Beneath this line are the data; copy exactly the part of them that opens with the line containing "unfolding lin_span_rows[OF assms]" and closes with the line containing "using k by simp", and only that part.

▸ **Given records**
──────────────────────────────

lemma word_dot_row_comb_row:
  assumes "I \<subseteq> {..<n}" "m < n"
  shows "word_dot n (row_comb I a) (row m) = (if neg m \<in> I then of_nat n * a (neg m) else 0)"
proof -
  have fin: "finite I"
    using finite_subset[OF assms(1)] by blast
  have "word_dot n (row_comb I a) (row m) = (\<Sum>j\<in>I. a j * word_dot n (row j) (row m))"
    unfolding word_dot_def row_comb_def
    by (simp add: sum_distrib_left sum_distrib_right mult.assoc sum.swap[of _ I])
  also have "\<dots> = (\<Sum>j\<in>I. if j = neg m then of_nat n * a j else 0)"
    using assms by (intro sum.cong) (auto simp: word_dot_rows dvd_add_iff_eq_neg)
  also have "\<dots> = (if neg m \<in> I then of_nat n * a (neg m) else 0)"
    using fin by simp
  finally show ?thesis .
qed

lemma word_dot_row_comb_right: "word_dot n u (row_comb I a) = (\<Sum>j\<in>I. a j * word_dot n u (row j))"
  unfolding word_dot_def row_comb_def
  by (simp add: sum_distrib_left sum.swap[of _ I] algebra_simps)

lemma row_comb_coeff:
  assumes "I \<subseteq> {..<n}" "j \<in> I"
  shows "a j = word_dot n (row_comb I a) (row (neg j)) / of_nat n"
  using assms n_nonzero by (auto simp: word_dot_row_comb_row neg_less neg_neg)

lemma row_comb_eq_0_iff:
  assumes "I \<subseteq> {..<n}"
  shows "row_comb I a = (\<lambda>_. 0) \<longleftrightarrow> (\<forall>j\<in>I. a j = 0)"
proof
  assume zero: "row_comb I a = (\<lambda>_. 0)"
  show "\<forall>j\<in>I. a j = 0"
  proof
    fix j assume "j \<in> I"
    then have "a j = word_dot n (row_comb I a) (row (neg j)) / of_nat n"
      by (rule row_comb_coeff[OF assms])
    then show "a j = 0"
      by (simp add: zero word_dot_def)
  qed
qed (simp add: row_comb_def)

lemma code_dim_row_span:
  assumes "I \<subseteq> {..<n}"
  shows "code_dim (lin_span (row ` I)) (card I)"
  unfolding code_dim_def
proof (intro exI conjI)
  have inj: "inj_on row I"
    using inj_on_row assms by (rule inj_on_subset)
  show "finite (row ` I)" "card (row ` I) = card I"
    using finite_subset[OF assms] card_image[OF inj] by auto
  show "row ` I \<subseteq> lin_span (row ` I)"
    unfolding lin_span_rows[OF assms] using row_in_row_span finite_subset[OF assms] by blast
  show "lin_indep (row ` I)"
    unfolding lin_indep_def
  proof (intro allI impI)
    fix c assume "\<forall>i. (\<Sum>g\<in>row ` I. c g * g i) = 0"
    then have "row_comb I (c \<circ> row) = (\<lambda>_. 0)"
      by (simp add: row_comb_def sum.reindex[OF inj] fun_eq_iff)
    then show "\<forall>g\<in>row ` I. c g = 0"
      using row_comb_eq_0_iff[OF assms] by simp
  qed
qed simp

lemma fourier_inversion:
  assumes "v \<in> words n"
  shows "v = row_comb {..<n} (\<lambda>j. word_dot n v (row (neg j)) / of_nat n)"
proof
  fix k
  show "v k = row_comb {..<n} (\<lambda>j. word_dot n v (row (neg j)) / of_nat n) k"
  proof (cases "k < n")
    case False
    then show ?thesis
      using assms by (simp add: words_def row_comb_def fourier_row_def)
  next
    case k: True
    have "row_comb {..<n} (\<lambda>j. word_dot n v (row (neg j)) / of_nat n) k
        = (\<Sum>j<n. \<Sum>l<n. v l * (row (neg j) l * row j k) / of_nat n)"
      unfolding row_comb_def word_dot_def by (simp add: sum_divide_distrib sum_distrib_right mult.assoc)
    also have "\<dots> = (\<Sum>l<n. v l / of_nat n * (\<Sum>j<n. row (neg j) l * row j k))"
      by (subst sum.swap) (simp add: sum_distrib_left)
    also have "\<dots> = (\<Sum>l<n. if l = k then v l else 0)"
      using n_nonzero k by (intro sum.cong) (simp_all add: sum_rows_neg)
    also have "\<dots> = v k"
      using k by simp
    finally show ?thesis ..
  qed
qed

lemma mem_dual_row_span_iff:
  assumes "I \<subseteq> {..<n}"
  shows "v \<in> dual_code n (range (row_comb I)) \<longleftrightarrow> v \<in> words n \<and> (\<forall>j\<in>I. word_dot n v (row j) = 0)"
proof -
  have "(\<forall>c\<in>range (row_comb I). word_dot n v c = 0) \<longleftrightarrow> (\<forall>j\<in>I. word_dot n v (row j) = 0)"
  proof
    assume "\<forall>c\<in>range (row_comb I). word_dot n v c = 0"
    then show "\<forall>j\<in>I. word_dot n v (row j) = 0"
      using row_in_row_span[OF finite_subset[OF assms]] by blast
  qed (auto simp: word_dot_row_comb_right)
  then show ?thesis
    by (simp add: dual_code_def word_dot_def)
qed

lemma dual_row_span:
  assumes "I \<subseteq> {..<n}"
  shows "dual_code n (range (row_comb I)) = range (row_comb {j. j < n \<and> neg j \<notin> I})"
    (is "_ = range (row_comb ?J)")
proof (intro set_eqI iffI)
  fix v assume "v \<in> dual_code n (range (row_comb I))"
  then have v: "v \<in> words n" "\<And>j. j \<in> I \<Longrightarrow> word_dot n v (row j) = 0"
    using mem_dual_row_span_iff[OF assms] by auto
  define \<alpha> where "\<alpha> j = word_dot n v (row (neg j)) / of_nat n" for j
  have "v = row_comb {..<n} \<alpha>"
    unfolding \<alpha>_def by (rule fourier_inversion[OF v(1)])
  also have "\<dots> = row_comb ?J \<alpha>"
    unfolding row_comb_def
  proof (rule ext, rule sum.mono_neutral_right)
    show "\<forall>j\<in>{..<n} - ?J. \<alpha> j * row j k = 0" for k
      using v(2) by (auto simp: \<alpha>_def)
  qed auto
  finally show "v \<in> range (row_comb ?J)"
    by simp
next
  fix v assume "v \<in> range (row_comb ?J)"
  then obtain b where b: "v = row_comb ?J b"
    by blast
  have "word_dot n v (row j) = 0" if "j \<in> I" for j
  proof -
    have "neg j \<notin> ?J"
      using that assms neg_neg by auto
    moreover have "?J \<subseteq> {..<n}" "j < n"
      using that assms by auto
    ultimately show ?thesis
      by (simp only: b word_dot_row_comb_row if_False)
  qed
  then show "v \<in> dual_code n (range (row_comb I))"
    using mem_dual_row_span_iff[OF assms] row_comb_in_words b by blast
qed
(* Let $\vec{p}\in\Delta^n$ and let $\mathcal{D}=\mathrm{Mul}_k(\vec{p})$. Then $\mathcal{D}$ is $(k,\infty)$-explicitly bounded with variance proxy $8/k$; that is, for every even $s$ with $2\le s\le k$, $$\{v_i^2=1\ \forall i\in[n]\}\ \vdash_{s}\ \mathbb{E}_{Y\sim\mathcal{D}}\big[\langle Y-\vec{p},v\rangle^s\big]\le (8s/k)^{s/2},$$ where this is regarded as a polynomial inequality in the formal variables $v_1,\dots,v_n$.
   Context: $\Delta^n\subset\mathbb{R}^n$ is the simplex of nonnegative vectors with coordinates summing to 1. For $\vec{p}\in\Delta^n$, $\mathrm{Mul}_k(\vec{p})$ is the distribution of the frequency vector $Y\in\Delta^n$, $Y_j=\frac1k\#\{\nu\le k: Z_\nu=j\}$, where $Z_1,\dots,Z_k$ are i.i.d. draws from $\vec{p}$; its mean is $\vec{p}$. For polynomials in formal variables $v$, the notation $\{q_1=0,\dots,q_m=0\}\vdash_d f\ge 0$ (a degree-$d$ sum-of-squares proof) means there exist polynomials $s_1,\dots,s_m$ and a sum-of-squares polynomial $r$ such that $f=\sum_i s_iq_i + r$ with $\deg(s_iq_i)\le d$ for all $i$ and $\deg r\le d$. A distribution $\mathcal{D}$ on $\mathbb{R}^n$ with mean $\mu$ is $(t,\infty)$-explicitly bounded with variance proxy $\sigma$ if for every even $2\le s\le t$, $\{v_i^2=1\ \forall i\in[n]\}\vdash_s \mathbb{E}_{Y\sim\mathcal{D}}[\langle Y-\mu,v\rangle^s]\le(\sigma s)^{s/2}$. *)

theory Defs
  imports "HOL-Analysis.Analysis" "HOL-Library.Poly_Mapping"
begin

text \<open>Real multivariate polynomials in the formal variables v_0, v_1, ... :
  a monomial is a finitely supported exponent vector (a finitely supported nat-to-nat map), a polynomial
  is a finitely supported map from monomials to real coefficients; the ring
  operations are those of Poly_Mapping (convolution product).\<close>

type_synonym mpoly = "(nat \<Rightarrow>\<^sub>0 nat) \<Rightarrow>\<^sub>0 real"

definition mvar :: "nat \<Rightarrow> mpoly" where
  "mvar i = Poly_Mapping.single (Poly_Mapping.single i 1) 1"

definition mconst :: "real \<Rightarrow> mpoly" where
  "mconst c = Poly_Mapping.single 0 c"

definition mon_deg :: "(nat \<Rightarrow>\<^sub>0 nat) \<Rightarrow> nat" where
  "mon_deg m = (\<Sum>i\<in>Poly_Mapping.keys m. Poly_Mapping.lookup m i)"

text \<open>Total degree (degree of the zero polynomial taken to be 0).\<close>
definition total_deg :: "mpoly \<Rightarrow> nat" where
  "total_deg p = Max (insert 0 (mon_deg ` Poly_Mapping.keys p))"

definition is_sos :: "mpoly \<Rightarrow> bool" where
  "is_sos r \<longleftrightarrow> (\<exists>qs. r = (\<Sum>q\<leftarrow>qs. q * q))"

text \<open>Degree-d SoS proof: {q_1 = 0, ..., q_m = 0} \<turnstile>_d f \<ge> 0.\<close>
definition sos_proves :: "mpoly list \<Rightarrow> nat \<Rightarrow> mpoly \<Rightarrow> bool" where
  "sos_proves qs d f \<longleftrightarrow>
     (\<exists>ss r. length ss = length qs \<and>
        f = (\<Sum>i<length qs. ss ! i * qs ! i) + r \<and>
        (\<forall>i<length qs. total_deg (ss ! i * qs ! i) \<le> d) \<and>
        is_sos r \<and> total_deg r \<le> d)"

text \<open>The Boolean constraints v_i^2 = 1 for i in [n] (variables indexed 0..n-1).\<close>
definition bool_axioms :: "nat \<Rightarrow> mpoly list" where
  "bool_axioms n = map (\<lambda>i. mvar i * mvar i - 1) [0..<n]"

definition prob_simplex :: "nat \<Rightarrow> (nat \<Rightarrow> real) set" where
  "prob_simplex n = {p. (\<forall>i<n. 0 \<le> p i) \<and> (\<Sum>i<n. p i) = 1}"

definition freq :: "nat \<Rightarrow> (nat \<Rightarrow> nat) \<Rightarrow> nat \<Rightarrow> real" where
  "freq k z j = real (card {\<nu>. \<nu> < k \<and> z \<nu> = j}) / real k"

text \<open>Expectation of a (polynomial-valued) function of Y ~ Mul_k(p): Y is the
  frequency vector of k i.i.d. draws Z_1..Z_k from p.\<close>
definition mul_expect :: "nat \<Rightarrow> nat \<Rightarrow> (nat \<Rightarrow> real) \<Rightarrow> ((nat \<Rightarrow> real) \<Rightarrow> mpoly) \<Rightarrow> mpoly" where
  "mul_expect n k p F =
     (\<Sum>z\<in>{..<k} \<rightarrow>\<^sub>E {..<n}. mconst (\<Prod>\<nu><k. p (z \<nu>)) * F (freq k z))"

definition lin_form :: "nat \<Rightarrow> (nat \<Rightarrow> real) \<Rightarrow> mpoly" where
  "lin_form n a = (\<Sum>i<n. mconst (a i) * mvar i)"

end

(*
  Write m = <p, v> and X_i = v_i - m. If Y is the frequency vector of the draws Z_1, ..., Z_k,
  then <Y - p, v> = (1/k) * sum_nu X_(Z_nu), so its s-th power expands into
  k^-s * sum_t prod_j X_(Z_(t j)) over all maps t : [s] -> [k]. By independence of the draws
  the expectation of a term vanishes as soon as some draw nu occurs exactly once in t, since
  E X_Z = sum_i p_i (v_i - m) = 0 identically in v; at most (k choose s/2) (s/2)^s maps have no
  such singleton fibre. Every remaining term is bounded by 2^s with a degree-s certificate:
  the axioms v_i^2 = 1 give 4 - X_i^2 >= 0 in degree 2, and an AM-GM step between two halves
  of the product lifts this to 2^s - prod_j X_(Z_(t j)) >= 0. Altogether the moment is at most
  k^-s 2^s (k choose s/2) (s/2)^s <= (8 s / k)^(s/2).
*)
theory Submission
  imports Defs
begin

section \<open>Counting maps without singleton fibres\<close>

lemma power_le_exp_mult_fact:
  fixes x :: real
  assumes "0 \<le> x"
  shows "x ^ h \<le> exp x * fact h"
proof -
  have "x ^ h / fact h \<le> exp x"
    using sum_le_suminf[OF summable_exp_generic[of x], of "{h}"] assms
    by (simp add: exp_def divide_inverse mult.commute)
  then show ?thesis
    by (simp add: divide_le_eq)
qed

──────────────────────────────

▸ **Solved exercise**
    unfolding lin_span_rows[OF assms] using row_in_row_span finite_subset[OF assms] by blast
  show "lin_indep (row ` I)"
    unfolding lin_indep_def
  proof (intro allI impI)
    fix c assume "\<forall>i. (\<Sum>g\<in>row ` I. c g * g i) = 0"
    then have "row_comb I (c \<circ> row) = (\<lambda>_. 0)"
      by (simp add: row_comb_def sum.reindex[OF inj] fun_eq_iff)
    then show "\<forall>g\<in>row ` I. c g = 0"
      using row_comb_eq_0_iff[OF assms] by simp
  qed
qed simp

lemma fourier_inversion:
  assumes "v \<in> words n"
  shows "v = row_comb {..<n} (\<lambda>j. word_dot n v (row (neg j)) / of_nat n)"
proof
  fix k
  show "v k = row_comb {..<n} (\<lambda>j. word_dot n v (row (neg j)) / of_nat n) k"
  proof (cases "k < n")
    case False
    then show ?thesis
      using assms by (simp add: words_def row_comb_def fourier_row_def)
  next
    case k: True
    have "row_comb {..<n} (\<lambda>j. word_dot n v (row (neg j)) / of_nat n) k
        = (\<Sum>j<n. \<Sum>l<n. v l * (row (neg j) l * row j k) / of_nat n)"
      unfolding row_comb_def word_dot_def by (simp add: sum_divide_distrib sum_distrib_right mult.assoc)
    also have "\<dots> = (\<Sum>l<n. v l / of_nat n * (\<Sum>j<n. row (neg j) l * row j k))"
      by (subst sum.swap) (simp add: sum_distrib_left)
    also have "\<dots> = (\<Sum>l<n. if l = k then v l else 0)"
      using n_nonzero k by (intro sum.cong) (simp_all add: sum_rows_neg)
    also have "\<dots> = v k"
      using k by simp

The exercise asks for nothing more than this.